_What you will do:_ Repeat exactly the lines of the entries below from the one with "by (simp add: sum_nonneg sum_nonneg_eq_0_iff)" through the one with "assms[unfolded has_field_derivative_def]]", both ends included, and nothing else.

Items from a data source

(* For $\mathbf{x}=(x_1,\dots,x_N)^{\mathrm T}\in\mathbb{R}^N$ define $$\ell_{\mathrm{bbin}}(\mathbf{x})=N\sum_{n=1}^N\frac{1}{(1+x_n^2)^2}-\Big(\sum_{n=1}^N\frac{1}{1+x_n^2}\Big)^2.$$ Then $\ell_{\mathrm{bbin}}(\mathbf{x})\ge0$ for all $\mathbf{x}$, and $\ell_{\mathrm{bbin}}(\mathbf{x})=0$ if and only if $\mathbf{x}\in\{-\alpha,\alpha\}^N$ for some $\alpha\in\mathbb{R}$. Furthermore, $\ell_{\mathrm{bbin}}$ has no spurious stationary points: $\nabla\ell_{\mathrm{bbin}}(\mathbf{x})=\mathbf{0}$ holds only if $\mathbf{x}\in\{-\alpha,\alpha\}^N$ for some $\alpha\in\mathbb{R}$.
   Context: A spurious stationary point of a differentiable function $\ell$ whose zero set is $\mathcal{X}$ is a point $\mathbf{x}\notin\mathcal{X}$ with $\nabla\ell(\mathbf{x})=\mathbf{0}$. *)

theory Defs
  imports "HOL-Analysis.Analysis"
begin

definition l_bbin :: "real ^ 'n \<Rightarrow> real" where
  "l_bbin x = real CARD('n) * (\<Sum>n\<in>UNIV. 1 / (1 + (x $ n)\<^sup>2)\<^sup>2)
              - (\<Sum>n\<in>UNIV. 1 / (1 + (x $ n)\<^sup>2))\<^sup>2"

end

theory Submission
  imports Defs
begin

text \<open>Write \<open>y\<^sub>n = g (x\<^sub>n)\<close> with \<open>g t = 1 / (1 + t\<^sup>2)\<close>. Then \<open>l_bbin x = N \<Sum> y\<^sub>n\<^sup>2 - (\<Sum> y\<^sub>n)\<^sup>2\<close>
  is half the sum of all \<open>(y\<^sub>i - y\<^sub>j)\<^sup>2\<close>, so it is nonnegative and vanishes exactly when all
  \<open>y\<^sub>n\<close> agree, i.e. when all \<open>\<bar>x\<^sub>n\<bar>\<close> agree. Its partial derivatives are
  \<open>2 g'(x\<^sub>k) (N y\<^sub>k - \<Sum> y\<^sub>n)\<close>, and \<open>g'\<close> vanishes only at \<open>0\<close>, where \<open>g = 1\<close>. At a stationary
  point every \<open>y\<^sub>k\<close> is therefore either the mean \<open>m\<close> of the \<open>y\<^sub>n\<close> or \<open>1\<close>; since
  \<open>(y\<^sub>k - m)\<^sup>2 = (1 - m) (y\<^sub>k - m)\<close> for such values, summing over \<open>k\<close> gives
  \<open>\<Sum> (y\<^sub>k - m)\<^sup>2 = 0\<close>, and again all \<open>y\<^sub>k\<close> agree.\<close>

definition scaled_variance :: "(real \<Rightarrow> real) \<Rightarrow> real ^ 'n \<Rightarrow> real" where
  "scaled_variance g x = real CARD('n) * (\<Sum>n\<in>UNIV. (g (x $ n))\<^sup>2) - (\<Sum>n\<in>UNIV. g (x $ n))\<^sup>2"

lemma l_bbin_eq_scaled_variance: "l_bbin = scaled_variance (\<lambda>t. 1 / (1 + t\<^sup>2))"
  by (simp add: fun_eq_iff l_bbin_def scaled_variance_def power_one_over)

lemma sum_sum_square_diff:
  fixes y :: "'a \<Rightarrow> real"
  assumes "finite A"
  shows "(\<Sum>i\<in>A. \<Sum>j\<in>A. (y i - y j)\<^sup>2) = 2 * (real (card A) * (\<Sum>i\<in>A. (y i)\<^sup>2) - (\<Sum>i\<in>A. y i)\<^sup>2)"
proof -
  have "(\<Sum>i\<in>A. \<Sum>j\<in>A. (y i - y j)\<^sup>2)
      = (\<Sum>i\<in>A. real (card A) * (y i)\<^sup>2 + (\<Sum>j\<in>A. (y j)\<^sup>2) - 2 * y i * (\<Sum>j\<in>A. y j))"
    by (simp add: power2_diff sum.distrib sum_subtractf sum_distrib_left mult.assoc)
  also have "\<dots> = 2 * (real (card A) * (\<Sum>i\<in>A. (y i)\<^sup>2) - (\<Sum>i\<in>A. y i)\<^sup>2)"
    by (simp add: sum.distrib sum_subtractf sum_distrib_left sum_distrib_right
        power2_eq_square mult_ac)
  finally show ?thesis .
qed

lemma scaled_variance_eq_half_sum_square_diff:
  "scaled_variance g x = (\<Sum>i\<in>UNIV. \<Sum>j\<in>UNIV. (g (x $ i) - g (x $ j))\<^sup>2) / 2"
  by (simp add: sum_sum_square_diff scaled_variance_def)

lemma scaled_variance_nonneg: "scaled_variance g x \<ge> 0"
  unfolding scaled_variance_eq_half_sum_square_diff by (simp add: sum_nonneg)

lemma scaled_variance_eq_0_iff:
  "scaled_variance g x = 0 \<longleftrightarrow> (\<forall>i j. g (x $ i) = g (x $ j))"
  unfolding scaled_variance_eq_half_sum_square_diff
  by (simp add: sum_nonneg sum_nonneg_eq_0_iff)

lemma has_derivative_vec_nth_comp:
  fixes x :: "real ^ 'n"
  assumes "(g has_real_derivative D) (at (x $ n))"
  shows "((\<lambda>x. g (x $ n)) has_derivative (\<lambda>h. D * h $ n)) (at x)"
  using has_derivative_compose[OF bounded_linear_imp_has_derivative[OF bounded_linear_vec_nth]
      assms[unfolded has_field_derivative_def]]
  by simp

lemma has_derivative_scaled_variance:
  fixes x :: "real ^ 'n"
  assumes "\<And>n. (g has_real_derivative g' (x $ n)) (at (x $ n))"
  shows "(scaled_variance g has_derivative
    (\<lambda>h. 2 * (\<Sum>n\<in>UNIV. g' (x $ n) * (real CARD('n) * g (x $ n) - (\<Sum>m\<in>UNIV. g (x $ m))) * h $ n)))
    (at x)"
proof -
  have sum: "((\<lambda>x. \<Sum>n\<in>UNIV. g (x $ n)) has_derivative (\<lambda>h. \<Sum>n\<in>UNIV. g' (x $ n) * h $ n)) (at x)"
    by (intro has_derivative_sum has_derivative_vec_nth_comp assms)
  have sum_squares: "((\<lambda>x. \<Sum>n\<in>UNIV. (g (x $ n))\<^sup>2) has_derivative
      (\<lambda>h. \<Sum>n\<in>UNIV. 2 * g (x $ n) * g' (x $ n) * h $ n)) (at x)"
  proof (intro has_derivative_sum has_derivative_vec_nth_comp)
    fix n
    show "((\<lambda>t. (g t)\<^sup>2) has_real_derivative 2 * g (x $ n) * g' (x $ n)) (at (x $ n))"
      using DERIV_power[OF assms, of 2] by (simp add: mult_ac)
  qed
  show ?thesis
    unfolding scaled_variance_def[abs_def]
    by (rule has_derivative_eq_rhs[OF has_derivative_diff[OF
          has_derivative_mult_right[OF sum_squares] has_derivative_power[OF sum]]])
      (simp add: fun_eq_iff sum_distrib_left sum_subtractf algebra_simps)
qed

lemma scaled_variance_stationary:
  fixes x :: "real ^ 'n"
  assumes "\<And>n. (g has_real_derivative g' (x $ n)) (at (x $ n))"
    and "GDERIV (scaled_variance g) x :> 0"
  shows "g' (x $ k) * (real CARD('n) * g (x $ k) - (\<Sum>m\<in>UNIV. g (x $ m))) = 0"
proof -
  let ?c = "\<lambda>n. g' (x $ n) * (real CARD('n) * g (x $ n) - (\<Sum>m\<in>UNIV. g (x $ m)))"
  have "(scaled_variance g has_derivative (\<lambda>h. 0)) (at x)"
    using assms(2) by (simp add: gderiv_def)
  from has_derivative_unique[OF has_derivative_scaled_variance[OF assms(1)] this]
  have "2 * (\<Sum>n\<in>UNIV. ?c n * axis k 1 $ n) = 0"
    by (rule fun_cong)
  moreover have "(\<Sum>n\<in>UNIV. ?c n * axis k 1 $ n) = ?c k"
    by (simp add: axis_def if_distrib[of "\<lambda>t. _ * t"] cong: if_cong)
  ultimately show ?thesis by simp
qed

lemma two_valued_eq_mean:
  fixes y :: "'a \<Rightarrow> real"
  assumes "finite A" and two_valued: "\<And>j. j \<in> A \<Longrightarrow> y j = m \<or> y j = c"
    and mean: "(\<Sum>j\<in>A. y j) = real (card A) * m" and "i \<in> A"
  shows "y i = m"
proof -
  have "(\<Sum>j\<in>A. (y j - m)\<^sup>2) = (\<Sum>j\<in>A. (c - m) * (y j - m))"
    using two_valued by (intro sum.cong) (auto simp: power2_eq_square)
  also have "\<dots> = (c - m) * ((\<Sum>j\<in>A. y j) - real (card A) * m)"
    by (simp add: sum_distrib_left[symmetric] sum_subtractf)
  finally have "(\<Sum>j\<in>A. (y j - m)\<^sup>2) = 0"
    using mean by simp
  then show ?thesis
    using \<open>finite A\<close> \<open>i \<in> A\<close> by (simp add: sum_nonneg_eq_0_iff)
qed

lemma scaled_variance_stationary_imp_constant:
  fixes x :: "real ^ 'n"
  assumes deriv: "\<And>t. (g has_real_derivative g' t) (at t)"
    and critical: "\<And>t. g' t = 0 \<Longrightarrow> g t = c"
    and "GDERIV (scaled_variance g) x :> 0"
  shows "g (x $ i) = g (x $ j)"
proof -
  define m where "m = (\<Sum>n\<in>UNIV. g (x $ n)) / real CARD('n)"
  have two_valued: "g (x $ k) = m \<or> g (x $ k) = c" for k
  proof -
    have "g' (x $ k) = 0 \<or> real CARD('n) * g (x $ k) = (\<Sum>n\<in>UNIV. g (x $ n))"
      using scaled_variance_stationary[OF deriv assms(3), of k] by simp
    then show ?thesis
      using critical[of "x $ k"] by (auto simp: m_def eq_divide_eq mult.commute)
  qed
  have mean: "(\<Sum>n\<in>UNIV. g (x $ n)) = real (card (UNIV :: 'n set)) * m"
    by (simp add: m_def)
  have "g (x $ k) = m" for k
    using two_valued_eq_mean[of UNIV "\<lambda>n. g (x $ n)", OF _ two_valued mean] by simp
  then show ?thesis by simp
qed

lemma has_real_derivative_inverse_one_plus_square:
  "((\<lambda>t::real. 1 / (1 + t\<^sup>2)) has_real_derivative - 2 * t / (1 + t\<^sup>2)\<^sup>2) (at t)"
proof -
  have "((\<lambda>t. 1 + t\<^sup>2) has_real_derivative 2 * t) (at t)"
    using DERIV_add[OF DERIV_const DERIV_power[OF DERIV_ident, of 2]] by simp
  moreover have "1 + t\<^sup>2 \<noteq> 0"
    by (simp add: add_pos_nonneg less_imp_neq[symmetric])
  ultimately show ?thesis
    using DERIV_inverse_fun[of "\<lambda>t. 1 + t\<^sup>2" "2 * t" t]
    by (simp add: divide_inverse flip: inverse_mult_distrib power2_eq_square)
qed

lemma inverse_one_plus_square_eq_iff:
  "1 / (1 + s\<^sup>2) = 1 / (1 + t\<^sup>2) \<longleftrightarrow> s = t \<or> s = - (t::real)"
  by (simp add: power2_eq_iff)

lemma ex_sign_pattern_iff:
  fixes x :: "real ^ 'n"
  shows "(\<exists>\<alpha>. \<forall>i. x $ i = \<alpha> \<or> x $ i = - \<alpha>) \<longleftrightarrow> (\<forall>i j. x $ i = x $ j \<or> x $ i = - x $ j)"
  by (metis minus_minus)

theorem mainTheorem10:
  fixes x :: "real ^ 'n"
  shows "l_bbin x \<ge> 0
    \<and> (l_bbin x = 0 \<longleftrightarrow> (\<exists>\<alpha>::real. \<forall>i. x $ i = \<alpha> \<or> x $ i = - \<alpha>))
    \<and> ((GDERIV l_bbin x :> 0) \<longrightarrow> (\<exists>\<alpha>::real. \<forall>i. x $ i = \<alpha> \<or> x $ i = - \<alpha>))"
proof -
  let ?g = "\<lambda>t::real. 1 / (1 + t\<^sup>2)"
  have zero_set: "(\<forall>i j. ?g (x $ i) = ?g (x $ j)) \<longleftrightarrow> (\<exists>\<alpha>. \<forall>i. x $ i = \<alpha> \<or> x $ i = - \<alpha>)"
    unfolding inverse_one_plus_square_eq_iff ex_sign_pattern_iff ..
  have critical: "?g t = 1" if "- 2 * t / (1 + t\<^sup>2)\<^sup>2 = 0" for t
    using that add_pos_nonneg[OF zero_less_one zero_le_power2, of t] by simp
  have stationary: "\<forall>i j. ?g (x $ i) = ?g (x $ j)" if "GDERIV (scaled_variance ?g) x :> 0"
    using scaled_variance_stationary_imp_constant[OF has_real_derivative_inverse_one_plus_square
        critical that] by blast
  show ?thesis
    unfolding l_bbin_eq_scaled_variance
  proof (intro conjI)
    show "scaled_variance ?g x \<ge> 0"
      by (rule scaled_variance_nonneg)
    show "scaled_variance ?g x = 0 \<longleftrightarrow> (\<exists>\<alpha>. \<forall>i. x $ i = \<alpha> \<or> x $ i = - \<alpha>)"
      unfolding scaled_variance_eq_0_iff by (rule zero_set)
    show "(GDERIV (scaled_variance ?g) x :> 0) \<longrightarrow> (\<exists>\<alpha>. \<forall>i. x $ i = \<alpha> \<or> x $ i = - \<alpha>)"
      using stationary by (simp flip: zero_set)
  qed
qed

end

_Output of the task:_
  by (simp add: sum_nonneg sum_nonneg_eq_0_iff)

lemma has_derivative_vec_nth_comp:
  fixes x :: "real ^ 'n"
  assumes "(g has_real_derivative D) (at (x $ n))"
  shows "((\<lambda>x. g (x $ n)) has_derivative (\<lambda>h. D * h $ n)) (at x)"
  using has_derivative_compose[OF bounded_linear_imp_has_derivative[OF bounded_linear_vec_nth]
      assms[unfolded has_field_derivative_def]]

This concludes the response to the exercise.